As New Horizons begins its final approach toward Pluto, NASA presents a Google Earth-mapped surface of the spinning space body. The final approach toward the planet has begun – this NASA-led mission will get within a few thousand miles of Pluto on the 14th of this month. Today we get our first spherical map of the planet as placed with Google Earth onto our own planet. Strange as that may sound, it provides as accurate a visual for the planet as we've ever seen. You've seen the flat images before – now watch Pluto spin in space.

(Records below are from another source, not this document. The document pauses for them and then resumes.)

lemma quad_form_ge_sphere_bound:
  assumes "\<And>g. (\<Sum>i<n. (g i)\<^sup>2) = 1 \<Longrightarrow> \<mu> \<le> quad_form n a g"
  shows "\<mu> * (\<Sum>i<n. (f i)\<^sup>2) \<le> quad_form n a f"
proof (cases "\<forall>i<n. f i = 0")
  case True
  then show ?thesis by (simp add: quad_form_def)
next
  case False
  define s where "s = (\<Sum>i<n. (f i)\<^sup>2)"
  have "0 < s"
    using False by (auto simp: s_def intro!: sum_pos2)
  have "(\<Sum>i<n. (f i / sqrt s)\<^sup>2) = 1"
    using \<open>0 < s\<close> by (simp add: power_divide s_def flip: sum_divide_distrib)
  then have "\<mu> \<le> quad_form n a (\<lambda>i. (1 / sqrt s) * f i)"
    using assms by simp
  also have "\<dots> = (1 / sqrt s)\<^sup>2 * quad_form n a f"
    by (rule quad_form_scaled)
  also have "\<dots> = quad_form n a f / s"
    using \<open>0 < s\<close> by (simp add: power_divide)
  finally show ?thesis
    using \<open>0 < s\<close> by (simp add: s_def pos_le_divide_eq mult.commute)
qed

lemma sum_shift_diag_mult:
  fixes a :: "nat \<Rightarrow> nat \<Rightarrow> real"
  assumes "i < n"
  shows "(\<Sum>j<n. (a i j - (if i = j then \<mu> else 0)) * f j) = (\<Sum>j<n. a i j * f j) - \<mu> * f i"
  using assms by (simp add: left_diff_distrib sum_subtractf if_distrib[where f = "\<lambda>x. x * _"] cong: if_cong)
lemma nn_integral_bm_chain_density:
  assumes "\<forall>i<m. K < ts i \<and> ts i < r" "\<forall>i. Suc i < m \<longrightarrow> ts i < ts (Suc i)" "K < r"
  shows "(\<integral>\<^sup>+x. ennreal (bm_chain_density K m ts r z x) \<partial>PiM {..<m} (\<lambda>_. lborel))
    = ennreal (heat_kernel (r - K) z)"
  using assms
proof (induction m arbitrary: r z)
  case 0
  then show ?case by (simp add: bm_chain_density_0 PiM_empty)
next
  case (Suc m)
  have tm: "K < ts m" "ts m < r" using Suc.prems by auto
  have "\<forall>i<m. ts i < ts m"
    using Suc.prems(2) by (auto intro!: lift_Suc_mono_less_ivl[of "{..<m}" ts _ m])
  then have IH: "(\<integral>\<^sup>+x. ennreal (bm_chain_density K m ts (ts m) w x) \<partial>PiM {..<m} (\<lambda>_. lborel))
      = ennreal (heat_kernel (ts m - K) (w - 0))" for w
    using Suc.IH[of "ts m" w] Suc.prems tm by auto
  have "(\<integral>\<^sup>+x. ennreal (bm_chain_density K (Suc m) ts r z x) \<partial>PiM {..<Suc m} (\<lambda>_. lborel))
      = (\<integral>\<^sup>+x. ennreal (bm_chain_density K (Suc m) ts r z x) * 1 \<partial>PiM {..<Suc m} (\<lambda>_. lborel))"
    by simp
  also have "\<dots> = (\<integral>\<^sup>+w. ennreal (heat_kernel (r - ts m) (z - w)) *
                     (\<integral>\<^sup>+x. ennreal (bm_chain_density K m ts (ts m) w x) * 1 \<partial>PiM {..<m} (\<lambda>_. lborel)) \<partial>lborel)"
    by (rule nn_integral_bm_chain_density_Suc) (use tm in auto)
  also have "\<dots> = (\<integral>\<^sup>+w. ennreal (heat_kernel (r - ts m) (z - w)) * ennreal (heat_kernel (ts m - K) (w - 0)) \<partial>lborel)"
    by (simp add: IH)
  also have "\<dots> = ennreal (heat_kernel (r - K) (z - 0))"
    using heat_kernel_chapman_kolmogorov[of "r - ts m" "ts m - K" z 0] tm
    by (simp add: ennreal_mult' heat_kernel_nonneg)
  finally show ?case by simp
qed

text \<open>The encoding \<open>c\<^sup>2 \<le> c * x i\<close> means \<open>x i \<ge> c\<close> for \<open>c > 0\<close> and \<open>x i \<le> c\<close> for \<open>c < 0\<close>.\<close>
definition level_reached :: "real \<Rightarrow> nat \<Rightarrow> (nat \<Rightarrow> real) set" where
  "level_reached c m = {x. \<exists>i<m. c\<^sup>2 \<le> c * x i}"

lemma indicator_level_reached_Suc:
  "indicator (level_reached c (Suc m)) (x(m := w))
     = (if c\<^sup>2 \<le> c * w then 1 else (indicator (level_reached c m) x :: ennreal))"
  by (auto simp: level_reached_def indicator_def less_Suc_eq)

lemma borel_measurable_indicator_level_reached[measurable]:
  "(indicator (level_reached c m) :: _ \<Rightarrow> ennreal) \<in> borel_measurable (PiM I (\<lambda>_. lborel))"
proof -
  have "level_reached c m \<inter> space (PiM I (\<lambda>_. lborel))
      = {x \<in> space (PiM I (\<lambda>_. lborel)). \<exists>i<m. c\<^sup>2 \<le> c * x i}"
    by (auto simp: level_reached_def)
  also have "\<dots> \<in> sets (PiM I (\<lambda>_. lborel))" by measurable
  finally show ?thesis by (simp add: borel_measurable_indicator_iff)
qed

text \<open>Discrete reflection principle: once the chain has reached \<open>c\<close> at time \<open>ts m\<close>, the
  heat kernel from \<open>0\<close> is dominated by the one from the mirror point \<open>2 c\<close>.\<close>
lemma nn_integral_bm_chain_density_level_reached:
  assumes "\<forall>i<m. K < ts i \<and> ts i < r" "\<forall>i. Suc i < m \<longrightarrow> ts i < ts (Suc i)" "K < r"
  shows "(\<integral>\<^sup>+x. ennreal (bm_chain_density K m ts r z x) * indicator (level_reached c m) x
             \<partial>PiM {..<m} (\<lambda>_. lborel))
    \<le> ennreal (heat_kernel (r - K) (z - 2 * c))"
  using assms
proof (induction m arbitrary: r z)
  case 0
  then show ?case by (simp add: level_reached_def)
next
  case (Suc m)
  have tm: "K < ts m" "ts m < r" using Suc.prems by auto
  have mono: "\<forall>i<m. ts i < ts m"
    using Suc.prems(2) by (auto intro!: lift_Suc_mono_less_ivl[of "{..<m}" ts _ m])
  have step: "(\<integral>\<^sup>+x. ennreal (bm_chain_density K m ts (ts m) w x) *
                 (if c\<^sup>2 \<le> c * w then 1 else indicator (level_reached c m) x) \<partial>PiM {..<m} (\<lambda>_. lborel))
      \<le> ennreal (heat_kernel (ts m - K) (w - 2 * c))" for w
  proof (cases "c\<^sup>2 \<le> c * w")
    case True
    then have "(w - 2 * c)\<^sup>2 \<le> w\<^sup>2" by (simp add: power2_eq_square algebra_simps)
    then have "heat_kernel (ts m - K) w \<le> heat_kernel (ts m - K) (w - 2 * c)"
      using tm by (intro heat_kernel_mono) auto
    then show ?thesis
      using True nn_integral_bm_chain_density[of m K ts "ts m" w] Suc.prems mono tm
      by (simp add: ennreal_leI)
  next
    case False
    then show ?thesis using Suc.IH[of "ts m" w] Suc.prems mono tm by simp
  qed
  have "(\<integral>\<^sup>+x. ennreal (bm_chain_density K (Suc m) ts r z x) * indicator (level_reached c (Suc m)) x
           \<partial>PiM {..<Suc m} (\<lambda>_. lborel))
      = (\<integral>\<^sup>+w. ennreal (heat_kernel (r - ts m) (z - w)) *
          (\<integral>\<^sup>+x. ennreal (bm_chain_density K m ts (ts m) w x) *
             (if c\<^sup>2 \<le> c * w then 1 else indicator (level_reached c m) x) \<partial>PiM {..<m} (\<lambda>_. lborel)) \<partial>lborel)"
    by (rule nn_integral_bm_chain_density_Suc) (use tm in \<open>auto simp: indicator_level_reached_Suc\<close>)
  also have "\<dots> \<le> (\<integral>\<^sup>+w. ennreal (heat_kernel (r - ts m) (z - w)) *
                        ennreal (heat_kernel (ts m - K) (w - 2 * c)) \<partial>lborel)"
    using step by (intro nn_integral_mono mult_left_mono) auto
  also have "\<dots> = ennreal (heat_kernel (r - K) (z - 2 * c))"
    using heat_kernel_chapman_kolmogorov[of "r - ts m" "ts m - K" z "2 * c"] tm
    by (simp add: ennreal_mult' heat_kernel_nonneg)
  finally show ?case .
qed

lemma abs_exceeds_subset_level_reached:
  assumes y: "y > 0"
  shows "{x. \<exists>i<m. y < \<bar>x i\<bar>} \<subseteq> level_reached y m \<union> level_reached (- y) m"
proof
  fix x assume "x \<in> {x. \<exists>i<m. y < \<bar>x i\<bar>}"
  then obtain i where "i < m" "y < \<bar>x i\<bar>" by auto
  moreover from this consider "y \<le> x i" | "y \<le> - x i" by linarith
  then have "y * y \<le> y * x i \<or> y * y \<le> y * - x i"
    by cases (use y in \<open>metis mult_left_mono less_imp_le\<close>)+
  ultimately show "x \<in> level_reached y m \<union> level_reached (- y) m"
    unfolding level_reached_def by (auto simp: power2_eq_square)
qed

lemma brownian_bridge_grid_tail:
  assumes BB: "is_brownian_bridge K d \<mu>" and d: "d > 0" and y: "y > 0"
    and ts: "\<forall>i<m. K < ts i \<and> ts i < K + d" "\<forall>i. Suc i < m \<longrightarrow> ts i < ts (Suc i)"
  shows "emeasure \<mu> {g \<in> space \<mu>. \<exists>i<m. y < \<bar>g (ts i)\<bar>} \<le> ennreal (2 * exp (- 2 * y\<^sup>2 / d))"
proof -
  define S where "S = {x \<in> space (PiM {..<m} (\<lambda>_. borel)). \<exists>i<m. y < \<bar>x i\<bar>}"
  have S: "S \<in> sets (PiM {..<m} (\<lambda>_. borel))" unfolding S_def by measurable
  define c where "c = ennreal (1 / heat_kernel d 0)"
  define chain where "chain x = ennreal (bm_chain_density K m ts (K + d) 0 x)" for x
  have h0: "heat_kernel d 0 > 0" using d by (simp add: heat_kernel_def)
  have cover: "indicator S x \<le> (indicator (level_reached y m) x + indicator (level_reached (- y) m) x :: ennreal)"
    for x
    using abs_exceeds_subset_level_reached[OF y, of m] by (auto simp: S_def indicator_def)
  have "{g \<in> space \<mu>. \<exists>i<m. y < \<bar>g (ts i)\<bar>} = {g \<in> space \<mu>. (\<lambda>i\<in>{..<m}. g (ts i)) \<in> S}"
    by (auto simp: S_def space_PiM)
  then have "emeasure \<mu> {g \<in> space \<mu>. \<exists>i<m. y < \<bar>g (ts i)\<bar>}
      = (\<integral>\<^sup>+ x\<in>S. ennreal (bb_fdd_density K d m ts x) \<partial>PiM {..<m} (\<lambda>_. lborel))"
    using BB ts S unfolding is_brownian_bridge_def by simp
  also have "\<dots> \<le> (\<integral>\<^sup>+ x. c * (chain x * indicator (level_reached y m) x)
                      + c * (chain x * indicator (level_reached (- y) m) x) \<partial>PiM {..<m} (\<lambda>_. lborel))"
  proof (rule nn_integral_mono)
    fix x
    have "ennreal (bb_fdd_density K d m ts x) = c * chain x"
      using h0 by (simp add: c_def chain_def bb_fdd_density_eq_bm_chain_density ennreal_mult' divide_inverse mult.commute)
    then show "ennreal (bb_fdd_density K d m ts x) * indicator S x
        \<le> c * (chain x * indicator (level_reached y m) x) + c * (chain x * indicator (level_reached (- y) m) x)"
      using mult_left_mono[OF cover[of x], of "c * chain x"] by (simp add: distrib_left mult.assoc)
  qed
  also have "\<dots> = c * (\<integral>\<^sup>+ x. chain x * indicator (level_reached y m) x \<partial>PiM {..<m} (\<lambda>_. lborel))
                + c * (\<integral>\<^sup>+ x. chain x * indicator (level_reached (- y) m) x \<partial>PiM {..<m} (\<lambda>_. lborel))"
    by (simp add: chain_def nn_integral_add nn_integral_cmult)
  also have "\<dots> \<le> c * ennreal (heat_kernel d (0 - 2 * y)) + c * ennreal (heat_kernel d (0 - 2 * - y))"
    using nn_integral_bm_chain_density_level_reached[of m K ts "K + d" 0 y]
      nn_integral_bm_chain_density_level_reached[of m K ts "K + d" 0 "- y"] ts d
    unfolding chain_def by (intro add_mono mult_left_mono) auto
  also have "\<dots> = ennreal (2 * exp (- 2 * y\<^sup>2 / d))"
    using h0 d heat_kernel_double[of d y]
    by (simp add: c_def ennreal_mult[symmetric] ennreal_plus[symmetric] del: ennreal_plus)
  finally show ?thesis .
qed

Straight from the Johns Hopkins Applied Physics Laboratory we have this Google Earth overlay of New Horizon's latest map images of Pluto. This map is accurate to July 7th. For those of you that wish to map this planet on your own computer, head to the Johns Hopkins link above and make sure you've got the latest version of Google Earth up and running.

As this image is mapped to the Google Earth spherical version of the Earth, it is most certainly not to be taken as a completely "correct" Pluto. Pluto is much smaller than the scale you're seeing here and it is not entirely spherical. This map is not suitable for quantitative analysis, that is to say.


This rotating image was recorded using Google Earth and is comprised of a high-resolution black-and-white map created with LORRI images as well as a lower-resolution color map created with Ralph data.

It's not perfect, but it's the best we've got so far.

If you do plan on loading this map to Google Earth yourself, you'll want to switch off all mapping overlays except for this newest Pluto option.